Now, let's create a receiver form that can display data it receives:

public partial class ReceiveDataForm : Form
{
    public ReceiveDataForm()
    {
        InitializeComponent();

        // Subscribe the event
        Transmitter.DataReceived += Transmitter_DataReceived;
    }

    private void Transmitter_DataReceived(object data)
    {
        // Display data.
        textBox1.Text = data.ToString();
    }
}

We also need a sender.

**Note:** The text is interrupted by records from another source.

(* $\chi_D(LG_3)\le 5$.
   Context: Let $V=\mathbb{F}_3^3$; $LG_3$ is the bipartite graph whose vertices are the $1$-dimensional subspaces ("points") and the $2$-dimensional subspaces ("lines") of $V$, a point being adjacent to a line iff it is contained in it. A coloring is distinguishing if the only graph automorphism mapping every color class onto itself is the identity; $\chi_D(G)$ is the minimum number of colors of a proper distinguishing coloring of $G$. *)

theory Defs
  imports "HOL-Analysis.Cartesian_Space" "Berlekamp_Zassenhaus.Finite_Field"
begin

datatype three = T0 | T1 | T2

lemma UNIV_three: "(UNIV :: three set) = {T0, T1, T2}"
  using three.exhaust by blast

instance three :: finite
  by standard (simp add: UNIV_three)

lemma card_three: "CARD(three) = 3"
  by (simp add: UNIV_three)

instance three :: prime_card
  by standard (simp add: card_three)

type_synonym F3 = "three mod_ring"

type_synonym V3 = "F3 ^ 3"

definition graph_automorphism :: "'v set \<Rightarrow> ('v \<Rightarrow> 'v \<Rightarrow> bool) \<Rightarrow> ('v \<Rightarrow> 'v) \<Rightarrow> bool" where
  "graph_automorphism Vs E \<sigma> \<longleftrightarrow>
     bij_betw \<sigma> Vs Vs \<and> (\<forall>u\<in>Vs. \<forall>v\<in>Vs. E u v \<longleftrightarrow> E (\<sigma> u) (\<sigma> v))"

definition proper_coloring :: "'v set \<Rightarrow> ('v \<Rightarrow> 'v \<Rightarrow> bool) \<Rightarrow> ('v \<Rightarrow> nat) \<Rightarrow> bool" where
  "proper_coloring Vs E c \<longleftrightarrow> (\<forall>u\<in>Vs. \<forall>v\<in>Vs. E u v \<longrightarrow> c u \<noteq> c v)"

definition distinguishing_coloring :: "'v set \<Rightarrow> ('v \<Rightarrow> 'v \<Rightarrow> bool) \<Rightarrow> ('v \<Rightarrow> nat) \<Rightarrow> bool" where
  "distinguishing_coloring Vs E c \<longleftrightarrow>
     (\<forall>\<sigma>. graph_automorphism Vs E \<sigma> \<and> (\<forall>v\<in>Vs. c (\<sigma> v) = c v) \<longrightarrow> (\<forall>v\<in>Vs. \<sigma> v = v))"

definition distinguishing_chromatic_number :: "'v set \<Rightarrow> ('v \<Rightarrow> 'v \<Rightarrow> bool) \<Rightarrow> nat" where
  "distinguishing_chromatic_number Vs E =
     (LEAST k. \<exists>c. c ` Vs \<subseteq> {..<k} \<and> proper_coloring Vs E c \<and> distinguishing_coloring Vs E c)"

definition LG3_points :: "V3 set set" where
  "LG3_points = {W. vec.subspace W \<and> vec.dim W = 1}"

definition LG3_lines :: "V3 set set" where
  "LG3_lines = {W. vec.subspace W \<and> vec.dim W = 2}"

definition LG3_vertices :: "V3 set set" where
  "LG3_vertices = LG3_points \<union> LG3_lines"

definition LG3_adj :: "V3 set \<Rightarrow> V3 set \<Rightarrow> bool" where
  "LG3_adj X Y \<longleftrightarrow>
     (X \<in> LG3_points \<and> Y \<in> LG3_lines \<and> X \<subseteq> Y) \<or>
     (X \<in> LG3_lines \<and> Y \<in> LG3_points \<and> Y \<subseteq> X)"

end

theory Submission
  imports Defs
begin

text \<open>Colour the frame points (1,0,0), (0,1,0), (0,0,1), (1,1,1) with 0, 1, 2, 3, every other
  point with 4, and a line with the least i \<le> 2 such that the i-th coordinate point is not
  on it. The point (1,1,0) has colour 4, which no line has, so a colour-preserving
  automorphism maps it to a point, hence maps every point on a line through it to a point;
  the frame points are among these and are the only points of their colours, so the frame
  is fixed pointwise. A collineation of PG(2,3) fixing a frame fixes everything: the sides of
  the quadrangle meet in the three diagonal points, the diagonal lines meet the sides in the
  remaining points, and a line is fixed once two of its points are.\<close>

lemma F3_three_eq_0: "(3::F3) = 0"
proof -
  have "(of_nat CARD(three) :: F3) = 0" by (rule of_nat_card_eq_0)
  thus ?thesis by (simp add: card_three)
qed

lemma F3_numerals:
  "(4::F3) = 1" "(5::F3) = 2" "(6::F3) = 0" "(7::F3) = 1" "(8::F3) = 2" "(2::F3) * 2 = 1"
proof -
  have "(4::F3) = 3 + 1" "(5::F3) = 3 + 2" "(6::F3) = 3 + 3" "(7::F3) = 3 + 3 + 1"
    "(8::F3) = 3 + 3 + 2" "(2::F3) * 2 = 3 + 1" by simp_all
  thus "(4::F3) = 1" "(5::F3) = 2" "(6::F3) = 0" "(7::F3) = 1" "(8::F3) = 2" "(2::F3) * 2 = 1"
    by (simp_all add: F3_three_eq_0)
qed

lemma F3_two_neq [simp]: "(2::F3) \<noteq> 0" "(2::F3) \<noteq> 1" "(0::F3) \<noteq> 2" "(1::F3) \<noteq> 2"
proof -
  have "(3::F3) = 2 + 1" "(3::F3) = 1 + 1 + 1" by simp_all
  hence "(2::F3) \<noteq> 0 \<and> (2::F3) \<noteq> 1" using F3_three_eq_0 by (metis add_0 one_neq_zero)
  thus "(2::F3) \<noteq> 0" "(2::F3) \<noteq> 1" "(0::F3) \<noteq> 2" "(1::F3) \<noteq> 2" by auto
qed

lemma UNIV_F3: "(UNIV::F3 set) = {0, 1, 2}"
proof -
  have "card {0, 1, 2::F3} = card (UNIV::F3 set)" by (simp add: card_three)
  thus ?thesis by (intro card_subset_eq[symmetric]) auto
qed

section \<open>Incidence of one- and two-dimensional subspaces\<close>

context finite_dimensional_vector_space
begin

lemma subspace_eq_if_subset_dim_le:
  assumes "subspace S" "subspace T" "S \<subseteq> T" "dim T \<le> dim S"
  shows "T = S"
  using dim_eq_span[OF assms(3,4)] assms(1,2) by (metis span_eq_iff)

lemma projective_join_unique:
  assumes P: "subspace P" "dim P = 1" and Q: "subspace Q" "dim Q = 1" and "P \<noteq> Q"
    and L: "subspace L" "dim L = 2" and M: "subspace M" "dim M = 2"
    and "P \<subseteq> L" "Q \<subseteq> L" "P \<subseteq> M" "Q \<subseteq> M"
  shows "L = M"
proof -
  have I: "subspace (L \<inter> M)" using L M by (simp add: subspace_inter)
  have "dim (L \<inter> M) \<ge> 2"
  proof (rule ccontr)
    assume "\<not> dim (L \<inter> M) \<ge> 2"
    hence "L \<inter> M = P" using subspace_eq_if_subset_dim_le[OF P(1) I] assms by auto
    hence "P = Q" using subspace_eq_if_subset_dim_le[OF Q(1) P(1)] P Q assms by auto
    thus False using \<open>P \<noteq> Q\<close> by simp
  qed
  hence "L = L \<inter> M" "M = L \<inter> M"
    using subspace_eq_if_subset_dim_le[OF I] L M by auto
  thus ?thesis by simp
qed

lemma projective_meet_unique:
  assumes P: "subspace P" "dim P = 1" and Q: "subspace Q" "dim Q = 1"
    and L: "subspace L" "dim L = 2" and M: "subspace M" "dim M = 2" and "L \<noteq> M"
    and "P \<subseteq> L" "Q \<subseteq> L" "P \<subseteq> M" "Q \<subseteq> M"
  shows "P = Q"
proof -
  have I: "subspace (L \<inter> M)" using L M by (simp add: subspace_inter)
  have "dim (L \<inter> M) \<le> 1"
  proof (rule ccontr)
    assume "\<not> dim (L \<inter> M) \<le> 1"
    hence "L = L \<inter> M" "M = L \<inter> M"
      using subspace_eq_if_subset_dim_le[OF I] L M by auto
    thus False using \<open>L \<noteq> M\<close> by simp
  qed
  hence "L \<inter> M = P" "L \<inter> M = Q"
    using subspace_eq_if_subset_dim_le[OF _ I] P Q assms by auto
  thus ?thesis by simp
qed

end

section \<open>Coordinates in PG(2,3)\<close>

definition v3 :: "F3 \<Rightarrow> F3 \<Rightarrow> F3 \<Rightarrow> V3" where
  "v3 a b c = (\<chi> i. if i = 1 then a else if i = 2 then b else c)"

lemma v3_nth [simp]: "v3 a b c $ 1 = a" "v3 a b c $ 2 = b" "v3 a b c $ 3 = c"
  by (simp_all add: v3_def)

lemma v3_eq_iff [simp]: "v3 a b c = v3 a' b' c' \<longleftrightarrow> a = a' \<and> b = b' \<and> c = c'"
  by (auto simp: vec_eq_iff forall_3)

lemma v3_components: "x = v3 (x$1) (x$2) (x$3)"
  by (simp add: vec_eq_iff forall_3)

lemma zero_eq_v3: "(0::V3) = v3 0 0 0"
  by (simp add: vec_eq_iff forall_3)

lemma v3_add [simp]: "v3 a b c + v3 a' b' c' = v3 (a + a') (b + b') (c + c')"
  by (simp add: vec_eq_iff forall_3)

lemma v3_scale [simp]: "k *s v3 a b c = v3 (k * a) (k * b) (k * c)"
  by (simp add: vec_eq_iff forall_3)

definition pt :: "V3 \<Rightarrow> V3 set" where "pt v = vec.span {v}"

definition lin :: "V3 \<Rightarrow> V3 \<Rightarrow> V3 set" where "lin u w = vec.span {u, w}"

lemma mem_pt_iff: "x \<in> pt v \<longleftrightarrow> x = 0 \<or> x = v \<or> x = 2 *s v"
proof -
  have "x \<in> pt v \<longleftrightarrow> (\<exists>k::F3. x = k *s v)" unfolding pt_def vec.span_singleton by auto
  also have "\<dots> \<longleftrightarrow> (\<exists>k\<in>{0,1,2::F3}. x = k *s v)" using UNIV_F3 by blast
  finally show ?thesis by simp
qed

lemma mem_lin_iff:
  "x \<in> lin u w \<longleftrightarrow> (\<exists>a\<in>{0,1,2::F3}. \<exists>b\<in>{0,1,2::F3}. x = a *s u + b *s w)"
proof -
  have "x \<in> lin u w \<longleftrightarrow> (\<exists>a b::F3. x - a *s u = b *s w)"
    unfolding lin_def vec.span_breakdown_eq vec.span_singleton by auto
  also have "\<dots> \<longleftrightarrow> (\<exists>a b::F3. x = a *s u + b *s w)"
    by (metis add_diff_cancel_left' diff_add_cancel)
  finally show ?thesis using UNIV_F3 by simp
qed

text \<open>With these rules simp decides incidences between concrete points and lines; the numerals
  up to 8 = 2 * 2 + 2 * 2 in \<open>F3_numerals\<close> are those arising in coordinates of \<open>a *s u + b *s w\<close>.\<close>
lemmas coordinate_simps = mem_lin_iff mem_pt_iff F3_three_eq_0 F3_numerals zero_eq_v3

lemma pt_mem_points: "v \<noteq> 0 \<Longrightarrow> pt v \<in> LG3_points"
proof -
  assume "v \<noteq> 0"
  hence "vec.independent {v}" by (simp add: vec.independent_insert)
  hence "vec.dim (pt v) = 1" unfolding pt_def by (simp add: vec.dim_span_eq_card_independent)
  thus ?thesis unfolding LG3_points_def pt_def by simp
qed

lemma lin_mem_lines: "w \<noteq> 0 \<Longrightarrow> u \<notin> pt w \<Longrightarrow> lin u w \<in> LG3_lines"
proof -
  assume w: "w \<noteq> 0" and u: "u \<notin> pt w"
  have "u \<noteq> w" using u unfolding pt_def using vec.span_base by blast
  moreover have "vec.independent {u, w}"
    using w u unfolding pt_def by (simp add: vec.independent_insert)
  ultimately show ?thesis unfolding LG3_lines_def lin_def
    by (simp add: vec.dim_eq_card_independent)
qed

lemma pt_self: "v \<in> pt v"
  unfolding pt_def by (simp add: vec.span_base)

lemma pt_neq: "u \<notin> pt w \<Longrightarrow> pt u \<noteq> pt w"
  using pt_self by metis

lemma pt_subset_lin: "r \<in> lin a b \<Longrightarrow> pt r \<subseteq> lin a b"
  unfolding pt_def lin_def by (simp add: vec.span_minimal)

lemma lin_gen: "a \<in> lin a b" "b \<in> lin a b"
  unfolding lin_def by (simp_all add: vec.span_base)

lemma pt_scale: "k \<noteq> 0 \<Longrightarrow> pt (k *s v) = pt v"
proof -
  assume k: "k \<noteq> 0"
  have "pt (k *s v) \<subseteq> pt v" unfolding pt_def
    by (simp add: vec.span_minimal vec.span_scale vec.span_base)
  moreover have "v = inverse k *s (k *s v)" using k by simp
  hence "pt v \<subseteq> pt (k *s v)" unfolding pt_def
    by (metis empty_subsetI insert_subset vec.span_base vec.span_minimal vec.span_scale
        vec.subspace_span singletonI)
  ultimately show ?thesis by blast
qed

It sends data entered in a textbox when a button is clicked:

public partial class SendDataForm : Form
{
    public SendDataForm()
    {
        InitializeComponent();
    }

    private void SendDataButton_Click(object sender, EventArgs e)
    {
        Transmitter.TransmitData(dataTextBox.Text);
    }
}

The test program opens both windows

static class Program
{
    [STAThread]
    static void Main()
    {
        Application.EnableVisualStyles();
        Application.SetCompatibleTextRenderingDefault(false);
        var sender = new SendDataForm();
        sender.Show();
        Application.Run(new ReceiveDataForm());
    }
}

When you enter text in the sender form and click the button, the text is automatically displayed in the receiver form.

Note that it is not necessary to have a GetData() method. As the event handler private void Transmitter_DataReceived(object data) gets the data through the object data parameter.

A delegate is not a transfer object. According to Delegates (C# Programming Guide):

A delegate is a type that represents references to methods with a particular parameter list and return type.